I have finally made the move to my first proper job in what they say is the real world, joining the Mechanical, Materials, and Aerospace Engineering department at the Illinois Institute of Technology in Chicago as an Assistant Professor. The better part of last year was interesting, with a lot of words being entered in word documents and a lot of pdfs being created, with a lot of flying to places I had never been and meeting a lot of people whom I would perhaps not have met had it not being for the fact that they liked those pdfs which I had spent all that time creating. And upshot of it all, of all the flying and of all the meetings and of all the talks and seminars, of all those times which I spent in transit cities wondering if the inclement American winter weather would give me a break long enough for me to make my next flight, is that I have finally ended up in the quintessential American city of Chicago. It's only been a few days here but we all know how important first impressions area and mine have been really nice. But we have also been told not to judge a book by its covers so I will not. I will judge only when I have read her first few pages at least.

However, San Diego is a book which I have read from end to end, several times. I have spent the last eight years poring over its many ink blots and many purple passages. I have come to recognize the musty smell of its dusty Western hardbound and  its pages have turned dogeared between my fingers. I am intimately charmed by its yellowness and I remember its content from its page numbers. San Diego is a book that I can judge, perhaps not to the extent that some people can but more than a lot because of the time that I spent and the people that I came to know there. San Diego is a curious city. I honestly believe that if you live there, there can pretty much be no justification for being unhappy. It exists peacefully in that goldilocks zone of warm contentment which can provide you with surprisingly more than you expect from a city like it.
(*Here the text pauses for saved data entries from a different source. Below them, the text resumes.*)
(* A circulant graph on N vertices has an automorphism whose k-th power fixes a vertex only
  when N divides k. In K_m \<otimes> K_n two vertices are non-adjacent iff they share a row or a
  column, so every automorphism maps lines to lines, and either preserves rows and columns,
  acting as (i, j) \<mapsto> (\<pi> i, \<rho> j), or interchanges them.
  In the first case pick a row and a column of periods r \<le> m and s \<le> n under \<pi> and \<rho>: the
  lcm(r, s)-th power fixes their intersection, so mn \<le> lcm(r, s) \<le> rs \<le> mn, which forces
  lcm(m, n) = mn. In the second case the square is of the first kind; a row i of period r \<le> m
  under it gives the fixed point (i, \<beta> i) of the 2r-th power, so mn \<le> 2m, and symmetrically
  mn \<le> 2n, whence m = n = 2. *)

lemma funpow_in_set: "f ` A \<subseteq> A \<Longrightarrow> x \<in> A \<Longrightarrow> (f ^^ k) x \<in> A"
  by (induction k) auto

lemma funpow_conjugate:
  assumes f: "bij_betw f A B" and "\<psi> ` B \<subseteq> B" and "x \<in> A"
  shows "((inv_into A f \<circ> \<psi> \<circ> f) ^^ k) x = inv_into A f ((\<psi> ^^ k) (f x))"
proof (induction k)
  case 0
  show ?case using f \<open>x \<in> A\<close> by (simp add: bij_betw_inv_into_left)
next
  case (Suc k)
  have "(\<psi> ^^ k) (f x) \<in> B"
    using funpow_in_set[OF \<open>\<psi> ` B \<subseteq> B\<close>] bij_betwE[OF f] \<open>x \<in> A\<close> by blast
  then show ?case using Suc.IH f by (simp add: bij_betw_inv_into_right)
qed

lemma funpow_product_map:
  assumes "f ` A \<subseteq> A" and "\<And>x. x \<in> A \<Longrightarrow> f x = (\<pi> (fst x), \<rho> (snd x))" and "x \<in> A"
  shows "(f ^^ k) x = ((\<pi> ^^ k) (fst x), (\<rho> ^^ k) (snd x))"
proof (induction k)
  case (Suc k)
  have "(f ^^ k) x \<in> A"
    using funpow_in_set assms(1,3) .
  then show ?case using Suc.IH assms(2) by simp
qed simp

lemma funpow_comp_commute: "\<beta> (((\<alpha> \<circ> \<beta>) ^^ k) i) = ((\<beta> \<circ> \<alpha>) ^^ k) (\<beta> i)"
  by (induction k) simp_all

lemma funpow_fixed_dvd:
  assumes "(f ^^ r) y = y" and "r dvd k"
  shows "(f ^^ k) y = y"
proof -
  obtain q where k: "k = r * q"
    using assms(2) by (rule dvdE)
  have "((f ^^ r) ^^ q) y = y"
    by (induction q) (simp_all add: assms(1))
  then show ?thesis
    by (simp add: k funpow_mult)
qed

lemma exists_periodic_point:
  assumes "f ` A \<subseteq> A" and "finite A" and "a \<in> A"
  obtains y r where "y \<in> A" "0 < r" "r \<le> card A" "(f ^^ r) y = y"
proof -
  let ?orbit = "\<lambda>k. (f ^^ k) a"
  have "?orbit ` {0..card A} \<subseteq> A"
    using funpow_in_set[OF assms(1,3)] by blast
  then have "card (?orbit ` {0..card A}) \<le> card A"
    by (rule card_mono[OF assms(2)])
  then have "card (?orbit ` {0..card A}) < card {0..card A}"
    by simp
  then have "\<not> inj_on ?orbit {0..card A}"
    by (rule pigeonhole)
  then obtain i j where ij: "i < j" "j \<le> card A" "?orbit i = ?orbit j"
    by (auto intro!: linorder_inj_onI')
  have "(f ^^ (j - i)) (?orbit i) = (f ^^ (j - i + i)) a"
    by (simp only: funpow_add comp_apply)
  also have "j - i + i = j"
    using ij(1) by simp
  finally show ?thesis
    using that[of "?orbit i" "j - i"] ij funpow_in_set[OF assms(1,3)] by simp
qed

lemma coprime_if_dvd_lcm:
  fixes m n r s :: nat
  assumes "0 < r" "r \<le> m" "0 < s" "s \<le> n" and "m * n dvd lcm r s"
  shows "coprime m n"
proof -
  have pos: "0 < m" "0 < n"
    using assms by linarith+
  have "m * n \<le> lcm r s"
    using assms by (simp add: dvd_imp_le lcm_pos_nat)
  also have "\<dots> \<le> r * s"
    using assms(1,3) by (intro dvd_imp_le lcm_least) simp_all
  finally have le: "m * n \<le> r * s" .
  have "r * s \<le> r * n" "r * n \<le> m * n"
    using assms(2,4) by simp_all
  with le have "r * n = m * n" "r * s = r * n"
    by linarith+
  with assms(1,3,4) have "r = m" "s = n"
    by simp_all
  with \<open>m * n \<le> lcm r s\<close> have "gcd m n * lcm m n \<le> 1 * lcm m n"
    by (simp flip: prod_gcd_lcm_nat)
  moreover have "0 < lcm m n"
    using pos by (rule lcm_pos_nat)
  ultimately have "gcd m n \<le> 1"
    by (simp only: mult_le_cancel2)
  moreover have "0 < gcd m n"
    using pos by simp
  ultimately show ?thesis
    unfolding coprime_iff_gcd_eq_1 by linarith
qed

definition graph_aut :: "'a graph \<Rightarrow> ('a \<Rightarrow> 'a) \<Rightarrow> bool" where
  "graph_aut G \<phi> \<longleftrightarrow> bij_betw \<phi> (verts G) (verts G) \<and>
     (\<forall>x\<in>verts G. \<forall>y\<in>verts G. adj G (\<phi> x) (\<phi> y) \<longleftrightarrow> adj G x y)"

lemma graph_aut_conjugate:
  assumes f: "bij_betw f (verts G) (verts H)"
    and iso: "\<forall>x\<in>verts G. \<forall>y\<in>verts G. adj G x y \<longleftrightarrow> adj H (f x) (f y)"
    and aut: "graph_aut H \<psi>"
  shows "graph_aut G (inv_into (verts G) f \<circ> \<psi> \<circ> f)"
proof -
  let ?g = "inv_into (verts G) f"
  have g: "bij_betw ?g (verts H) (verts G)"
    using f by (rule bij_betw_inv_into)
  have \<psi>: "bij_betw \<psi> (verts H) (verts H)"
    using aut unfolding graph_aut_def by blast
  have "adj G (?g (\<psi> (f x))) (?g (\<psi> (f y))) \<longleftrightarrow> adj G x y"
    if "x \<in> verts G" "y \<in> verts G" for x y
  proof -
    have fx: "f x \<in> verts H" "f y \<in> verts H"
      using that bij_betwE[OF f] by blast+
    then have "\<psi> (f x) \<in> verts H" "\<psi> (f y) \<in> verts H"
      using bij_betwE[OF \<psi>] by blast+
    then have "adj G (?g (\<psi> (f x))) (?g (\<psi> (f y))) \<longleftrightarrow> adj H (\<psi> (f x)) (\<psi> (f y))"
      using iso bij_betwE[OF g] f by (simp add: bij_betw_inv_into_right)
    also have "\<dots> \<longleftrightarrow> adj H (f x) (f y)"
      using aut fx unfolding graph_aut_def by blast
    also have "\<dots> \<longleftrightarrow> adj G x y"
      using iso that by blast
    finally show ?thesis .
  qed
  then show ?thesis
    using bij_betw_trans[OF bij_betw_trans[OF f \<psi>] g] unfolding graph_aut_def by (simp add: comp_assoc)
qed

lemma diff_mod_shift:
  "(int ((i + 1) mod N) - int ((j + 1) mod N)) mod int N = (int i - int j) mod int N"
proof -
  have "(int ((i + 1) mod N) - int ((j + 1) mod N)) mod int N
      = (int (i + 1) mod int N - int (j + 1) mod int N) mod int N"
    by (simp only: zmod_int)
  also have "\<dots> = (int i - int j) mod int N"
    by (simp add: mod_diff_eq)
  finally show ?thesis .
qed

lemma circulant_graph_shift_aut:
  assumes "N \<ge> 1"
  shows "graph_aut (circulant_graph N S) (\<lambda>i. (i + 1) mod N)"
proof -
  have "inj_on (\<lambda>i. (i + 1) mod N) {0..<N}"
    by (rule inj_onI) (metis atLeastLessThan_iff Suc_eq_plus1 Zero_not_Suc diff_Suc_1 mod_Suc mod_less)
  moreover have "(\<lambda>i. (i + 1) mod N) ` {0..<N} \<subseteq> {0..<N}"
    using assms by auto
  ultimately have "bij_betw (\<lambda>i. (i + 1) mod N) {0..<N} {0..<N}"
    by (simp add: bij_betw_def endo_inj_surj)
  then show ?thesis
    using assms unfolding graph_aut_def circulant_graph_def graph.simps diff_mod_shift by auto
qed

lemma funpow_shift_mod: "i < N \<Longrightarrow> ((\<lambda>i. (i + 1) mod N) ^^ k) i = (i + k) mod N"
  by (induction k) (simp_all add: mod_Suc_eq)

lemma is_circulant_regular_aut:
  assumes "is_circulant G"
  obtains \<phi> where "graph_aut G \<phi>"
    and "\<And>k x. x \<in> verts G \<Longrightarrow> (\<phi> ^^ k) x = x \<Longrightarrow> card (verts G) dvd k"
proof -
  obtain N S f where N: "N \<ge> 1" and f: "bij_betw f (verts G) (verts (circulant_graph N S))"
    and iso: "\<forall>x\<in>verts G. \<forall>y\<in>verts G. adj G x y \<longleftrightarrow> adj (circulant_graph N S) (f x) (f y)"
    using assms unfolding is_circulant_def graph_iso_def by blast
  have verts_C: "verts (circulant_graph N S) = {0..<N}"
    by (simp add: circulant_graph_def)
  let ?\<psi> = "\<lambda>i. (i + 1) mod N"
  let ?\<phi> = "inv_into (verts G) f \<circ> ?\<psi> \<circ> f"
  have "card (verts G) dvd k" if x: "x \<in> verts G" and fixed: "(?\<phi> ^^ k) x = x" for k x
  proof -
    have fx: "f x < N"
      using bij_betwE[OF f] x verts_C by auto
    have "?\<psi> ` {0..<N} \<subseteq> {0..<N}"
      using N by auto
    then have "inv_into (verts G) f ((f x + k) mod N) = x"
      using funpow_conjugate[OF f[unfolded verts_C]] funpow_shift_mod[OF fx] x fixed by simp
    moreover have "(f x + k) mod N \<in> verts (circulant_graph N S)"
      using N verts_C by simp
    ultimately have "(f x + k) mod N = f x mod N"
      using bij_betw_inv_into_right[OF f, of "(f x + k) mod N"] fx by simp
    then have "N dvd k"
      by (simp add: mod_eq_dvd_iff_nat)
    moreover have "card (verts G) = N"
      using bij_betw_same_card[OF f] verts_C by simp
    ultimately show ?thesis by simp
  qed
  moreover have "graph_aut G ?\<phi>"
    using graph_aut_conjugate[OF f iso circulant_graph_shift_aut[OF N]] .
  ultimately show ?thesis using that by blast
qed

definition same_line :: "'a \<times> 'b \<Rightarrow> 'a \<times> 'b \<Rightarrow> bool" where
  "same_line x y \<longleftrightarrow> fst x = fst y \<or> snd x = snd y"

abbreviation grid :: "nat \<Rightarrow> nat \<Rightarrow> (nat \<times> nat) set" where
  "grid m n \<equiv> {0..<m} \<times> {0..<n}"

lemma verts_tensor_complete_graph:
  "verts (tensor_product (complete_graph m) (complete_graph n)) = grid m n"
  by (simp add: tensor_product_def complete_graph_def)

lemma adj_tensor_complete_graph:
  assumes "x \<in> grid m n" "y \<in> grid m n"
  shows "adj (tensor_product (complete_graph m) (complete_graph n)) x y \<longleftrightarrow> \<not> same_line x y"
  using assms by (cases x, cases y) (auto simp: tensor_product_def complete_graph_def same_line_def)

lemma same_line_third_point:
  assumes "a \<noteq> b" "same_line a b" "same_line a c" "same_line b c"
  shows "fst a = fst b \<Longrightarrow> fst c = fst a" and "fst a \<noteq> fst b \<Longrightarrow> snd c = snd a"
    and "snd a = snd b \<Longrightarrow> snd c = snd a" and "snd a \<noteq> snd b \<Longrightarrow> fst c = fst a"
  using assms by (auto simp: same_line_def prod_eq_iff)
Of course there are always bright young things who are mesmerized by the shiny facade of other places but I have come to take their hopes of happiness with a pinch of salt and a passing chuckle.  San Diego effortlessly provides diversity in demographics, eclecticism in arts, a vibrant outdoor culture, near-perfect weather, and the opportunity to lounge about on the beaches of the mighty Pacific every day. There are great things that one can do in places like New York or Chicago or San Francisco or Los Angeles, feeding off of the energy and creativity of the teeming milieu. One so inclined can probably write great novels and create great music at these places, inspired by their sharp edges. However, it probably is much easier to be happy in San Diego and that really is the argument to end all arguments.

In addition to landing in the perfect city for PhD I also had the great fortune of knowing some truly interesting and intelligent people there who have wittingly or unwittingly molded the rough draft of the personality that I began with in the US. Through my experience of knowing them I have come to appreciate a certain kind of person, one whose particulars cannot be stated but whose essence can be. They have substance to share and possess a certain depth of thought and view. They are about more than the next hot hangout or the next great financial investment. I have enjoyed the company of such people in San Diego and learned from them. So much so that I have no doubt that the years that I spent in San Diego have been the best years of my life, and the most formative ones. I look back at the company of those people with a genuine sense of gratitude, for having contributed to the exciting exchange which shapes personalities, to the invisible and complex hands of human interaction.